Юноши посмотрели друг на друга. Прогулка — вещь заманчивая...
— А если поймают?
— А если НЕ поймают?
Цайт положил руку на стол:
— Кто за?
Сверху опустилась ладонь Вольфа:
— Я — за. Мы не соглашались на тюремное заключение.
— За, — положил свою руку Ксавье.
Йохан промолчал, но его рука присоединилась к друзьям.
— Отлично, ребята, я рад, что познакомился с вами.
Черные глаза Цайта блеснули в полумраке и Вольф на секунду задумался. Ему почему-то казалось, что в первый день знакомства глаза Цайта были зелеными.
10
Каждый предмет одежды кардинала символизирует добродетель, которой его высокопреосвященство обладает.
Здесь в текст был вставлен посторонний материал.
(* Let $n\ge 4$. Let $S_n$ be the star on $n$ vertices and let $S_{n-3,1}$ be the tree on $n$ vertices consisting of a vertex $u$ adjacent to $n-3$ leaves and to one further vertex $w$ of degree $2$ whose other neighbor is a leaf. Then for every tree $T$ on $n$ vertices with $T\not\cong S_n$ and $T\not\cong S_{n-3,1}$, $$\rho_{ABC}(T)<\rho_{ABC}(S_{n-3,1})<\rho_{ABC}(S_n).$$
   Context: For a simple connected graph $G$ with vertex set $\{v_1,\dots,v_n\}$ and degrees $d_i$, the ABC matrix is $M(G)=(m_{ij})_{n\times n}$ with $m_{ij}=\sqrt{(d_i+d_j-2)/(d_id_j)}$ if $v_iv_j$ is an edge and $m_{ij}=0$ otherwise. The ABC spectral radius $\rho_{ABC}(G)$ is the largest eigenvalue of $M(G)$. The tree $S_{n-3,1}$ (a double star) is the unique tree on $n$ vertices with maximum degree $n-2$. *)

theory Defs
  imports "Jordan_Normal_Form.Char_Poly"
begin

definition simple_graph :: "nat \<Rightarrow> (nat \<Rightarrow> nat \<Rightarrow> bool) \<Rightarrow> bool" where
  "simple_graph n E \<longleftrightarrow>
     (\<forall>i j. E i j \<longrightarrow> i < n \<and> j < n) \<and>
     (\<forall>i j. E i j \<longrightarrow> E j i) \<and> (\<forall>i. \<not> E i i)"

definition graph_edges :: "nat \<Rightarrow> (nat \<Rightarrow> nat \<Rightarrow> bool) \<Rightarrow> (nat \<times> nat) set" where
  "graph_edges n E = {(i, j). i < j \<and> j < n \<and> E i j}"

definition graph_connected :: "nat \<Rightarrow> (nat \<Rightarrow> nat \<Rightarrow> bool) \<Rightarrow> bool" where
  "graph_connected n E \<longleftrightarrow> (\<forall>i<n. \<forall>j<n. E\<^sup>*\<^sup>* i j)"

definition is_tree :: "nat \<Rightarrow> (nat \<Rightarrow> nat \<Rightarrow> bool) \<Rightarrow> bool" where
  "is_tree n E \<longleftrightarrow> simple_graph n E \<and> graph_connected n E \<and>
     card (graph_edges n E) = n - 1"

definition deg :: "nat \<Rightarrow> (nat \<Rightarrow> nat \<Rightarrow> bool) \<Rightarrow> nat \<Rightarrow> nat" where
  "deg n E i = card {j. j < n \<and> E i j}"

definition graph_iso :: "nat \<Rightarrow> (nat \<Rightarrow> nat \<Rightarrow> bool) \<Rightarrow> (nat \<Rightarrow> nat \<Rightarrow> bool) \<Rightarrow> bool" where
  "graph_iso n E F \<longleftrightarrow> (\<exists>f. bij_betw f {0..<n} {0..<n} \<and>
     (\<forall>i<n. \<forall>j<n. E i j \<longleftrightarrow> F (f i) (f j)))"

definition abc_matrix :: "nat \<Rightarrow> (nat \<Rightarrow> nat \<Rightarrow> bool) \<Rightarrow> real mat" where
  "abc_matrix n E = mat n n (\<lambda>(i, j).
     if E i j then sqrt ((real (deg n E i) + real (deg n E j) - 2) / (real (deg n E i) * real (deg n E j)))
     else 0)"

definition rho_abc :: "nat \<Rightarrow> (nat \<Rightarrow> nat \<Rightarrow> bool) \<Rightarrow> real" where
  "rho_abc n E = Max {k. eigenvalue (abc_matrix n E) k}"

definition star_graph :: "nat \<Rightarrow> nat \<Rightarrow> nat \<Rightarrow> bool" where
  "star_graph n i j \<longleftrightarrow> i < n \<and> j < n \<and> i \<noteq> j \<and> (i = 0 \<or> j = 0)"

text \<open>S_{n-3,1}: u = 0 adjacent to w = 1 and to leaves 2..n-2; w adjacent to leaf n-1.\<close>
definition double_star_graph :: "nat \<Rightarrow> nat \<Rightarrow> nat \<Rightarrow> bool" where
  "double_star_graph n i j \<longleftrightarrow>
     (i = 0 \<and> 1 \<le> j \<and> j \<le> n - 2) \<or> (j = 0 \<and> 1 \<le> i \<and> i \<le> n - 2) \<or>
     (i = 1 \<and> j = n - 1) \<or> (j = 1 \<and> i = n - 1)"

end

theory Submission
  imports Defs "Jordan_Normal_Form.Spectral_Radius" "HOL-Analysis.Convex"
begin

text \<open>The ABC matrix is nonnegative and symmetric, so its spectral radius is its largest
  eigenvalue, and a positive eigenvector identifies it (Collatz--Wielandt). This gives
  \<open>\<rho>(S\<^sub>n) = \<surd>(n - 2)\<close> and \<open>\<rho>(S\<^sub>n\<^sub>-\<^sub>3\<^sub>,\<^sub>1) = \<surd>t\<close>, where \<open>t\<close> is the largest root of
  \<open>t\<^sup>2 - (1 + A) t + A / 2\<close> with \<open>A = (n - 3)\<^sup>2 / (n - 2)\<close>, and \<open>t < n - 2\<close>.

  A tree with a vertex of degree \<open>n - 1\<close> or \<open>n - 2\<close> is \<open>S\<^sub>n\<close> or \<open>S\<^sub>n\<^sub>-\<^sub>3\<^sub>,\<^sub>1\<close>, so in every
  other tree all degrees are at most \<open>n - 3\<close> (hence \<open>n \<ge> 5\<close>). For \<open>n \<ge> 6\<close>, Cauchy--Schwarz
  applied to each row of the eigenvalue equation gives
  \<open>\<rho>\<^sup>2 \<le> max\<^sub>i \<Sum>\<^sub>j\<^sub>~\<^sub>i w\<^sub>i\<^sub>j\<^sup>2 d\<^sub>j = max\<^sub>i (d\<^sub>i (d\<^sub>i - 2) + \<Sum>\<^sub>j\<^sub>~\<^sub>i d\<^sub>j) / d\<^sub>i\<close>, and in a tree
  \<open>\<Sum>\<^sub>j\<^sub>~\<^sub>i d\<^sub>j \<le> n - 1\<close>, which bounds \<open>\<rho>\<^sup>2\<close> by \<open>n - 4 + 2 / (n - 3) < t\<close>. For \<open>n = 5\<close> the
  tree is a path, whose ABC row sums are at most \<open>\<surd>2 = \<surd>t\<close> and smaller at a leaf;
  irreducibility makes the bound strict.\<close>

definition neighbours :: "nat \<Rightarrow> (nat \<Rightarrow> nat \<Rightarrow> bool) \<Rightarrow> nat \<Rightarrow> nat set" where
  "neighbours n E i = {j. j < n \<and> E i j}"

lemma deg_eq_card_neighbours: "deg n E i = card (neighbours n E i)"
  unfolding deg_def neighbours_def ..

lemma finite_neighbours [simp]: "finite (neighbours n E i)"
  unfolding neighbours_def by simp

lemma deg_pos_neighbour:
  assumes "symp E" "i < n" "j \<in> neighbours n E i"
  shows "deg n E j > 0"
proof -
  have "i \<in> neighbours n E j" using assms unfolding neighbours_def by (auto dest: sympD)
  then show ?thesis unfolding deg_eq_card_neighbours by (auto simp: card_gt_0_iff)
qed

lemma sum_neighbours_swap:
  fixes g :: "nat \<Rightarrow> real"
  assumes "symp E"
  shows "(\<Sum>i<n. \<Sum>j\<in>neighbours n E i. g j) = (\<Sum>j<n. deg n E j * g j)"
proof -
  have "(\<Sum>i<n. \<Sum>j\<in>neighbours n E i. g j) = (\<Sum>i<n. \<Sum>j<n. if E i j then g j else 0)"
    by (simp add: neighbours_def sum.inter_filter[symmetric] lessThan_def)
  also have "\<dots> = (\<Sum>j<n. \<Sum>i<n. if E j i then g j else 0)"
    using assms by (subst sum.swap) (auto intro!: sum.cong dest: sympD)
  also have "\<dots> = (\<Sum>j<n. deg n E j * g j)"
    by (simp add: sum.inter_filter[symmetric] lessThan_def deg_def)
  finally show ?thesis .
qed

lemma simple_graphD:
  assumes "simple_graph n E" "E i j"
  shows "i < n" "j < n" "E j i" "i \<noteq> j"
  using assms unfolding simple_graph_def by metis+

lemma simple_graph_symp: "simple_graph n E \<Longrightarrow> symp E"
  unfolding simple_graph_def symp_def by blast

lemma simple_graph_deg_le:
  assumes "simple_graph n E" "i < n"
  shows "deg n E i \<le> n - 1"
proof -
  have "neighbours n E i \<subseteq> {..<n} - {i}"
    using simple_graphD[OF assms(1)] unfolding neighbours_def by blast
  then have "deg n E i \<le> card ({..<n} - {i})"
    unfolding deg_eq_card_neighbours by (intro card_mono) auto
  then show ?thesis using assms(2) by simp
qed

lemma finite_graph_edges: "finite (graph_edges n E)"
  by (rule finite_subset[of _ "{..<n} \<times> {..<n}"]) (auto simp: graph_edges_def)

lemma edge_in_graph_edges:
  assumes "simple_graph n E" "E a b"
  shows "(min a b, max a b) \<in> graph_edges n E"
  using simple_graphD[OF assms] assms(2) unfolding graph_edges_def
  by (cases "a < b") (auto simp: min_def max_def)

lemma handshake:
  assumes "simple_graph n E"
  shows "(\<Sum>i<n. deg n E i) = 2 * card (graph_edges n E)"
proof -
  let ?G = "graph_edges n E"
  have "(\<Sum>i<n. deg n E i) = card (SIGMA i:{..<n}. neighbours n E i)"
    by (simp add: card_SigmaI deg_eq_card_neighbours)
  also have "(SIGMA i:{..<n}. neighbours n E i) = ?G \<union> prod.swap ` ?G"
  proof (intro equalityI subsetI)
    fix x assume "x \<in> (SIGMA i:{..<n}. neighbours n E i)"
    then obtain i j where x: "x = (i, j)" "E i j" unfolding neighbours_def by blast
    then have "i < j \<and> (i, j) \<in> ?G \<or> j < i \<and> (j, i) \<in> ?G"
      using simple_graphD[OF assms x(2)] unfolding graph_edges_def by auto
    then show "x \<in> ?G \<union> prod.swap ` ?G" using x(1) by force
  next
    fix x assume "x \<in> ?G \<union> prod.swap ` ?G"
    then show "x \<in> (SIGMA i:{..<n}. neighbours n E i)"
      using simple_graphD[OF assms] unfolding graph_edges_def neighbours_def by auto
  qed
  also have "card (?G \<union> prod.swap ` ?G) = card ?G + card (prod.swap ` ?G)"
    using finite_graph_edges by (intro card_Un_disjoint) (auto simp: graph_edges_def)
  also have "card (prod.swap ` ?G) = card ?G" by (simp add: card_image)
  finally show ?thesis by simp
qed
Или должен обладать.
Плоская черная шапочка с вышитыми тонкой золотой нитью семью Поучениями символизирует мудрость ее носителя. Темно-малиновая ряса, запахнутая и подпоясанная, означает, что ее носитель всегда готов поделиться одеждой с каждым нуждающимся, если конечно отменят закон о наказании за ношение несоответствующей сану одежде. Черный вязаный жилет с высоким воротом — символ бедности, или, по крайней мере, он был таким во времена первосвященников. Сейчас шерсть научились делать такой мягкой... На шее кардинала висит тяжелая цепь, символ смирения, который был бы более символичным, если бы цепь была не золотой, а хотя бы серебряной. На левой руке висят четки из ароматного красного дерева, означающие пост и молитву, на пальце правой руки надет стальной перстень, позволяющий исполнять древнюю клятву о том, что священники не будут выпускать из рук железное орудие. Подразумевались, конечно, инструменты и орудия труда, вроде мотыг и топоров, но эти древние поучения, они позволяют такие широкие толкования... Пояс, скрученный из белых шелковых нитей, означал чистоту помыслов и смирение похотливых желаний.
За кисточку именно этого пояса сейчас держалась стоявшая на коленях перед кардиналом молодая девушка. Золотистые непокрытые волосы рассыпались по плечам, светлые прозрачные глаза наполнены слезами.
— Ваше высокопреосвященство, я все сделала, что вы просили... Вы обещали... Вы обещали... Один только раз... Разрешите... Один только раз...
Кардинал вздохнул и погладил девушку по ангельски прекрасным волосам. Еще один грех на душу...
— Хорошо. Разрешаю. Но только один раз.
Слезы высохли, улыбка осветила юное лицо:
— Спасибо, спасибо!
Тонкие девичьи пальчики потянули за пояс...
Ох, кардинал, кардинал...
11
Вечером королевский дворец продолжает жить своей жизнью. Слишком много народа в нем живет, чтобы он затих с наступлением темноты. Но есть закоулки, в который даже днем стоит вечный полумрак, еле разгоняемый редкими газовыми лампами, там очень редко ходят люди, за исключением тех, кто хочет спрятаться от людских глаз.
В одном из таких темных коридоров есть дверь. Дверь эта всегда закрыта на ключ, и даже уборщики не могут туда попасть и не знают, что там за ней находится. Дверь эта очень толстая и почти не пропускает звуков, но если сейчас приложить к ней ухо — чего никто никогда не делает — то можно расслышать некие неразборчивые звуки, изредка прерываемые глухими вскриками.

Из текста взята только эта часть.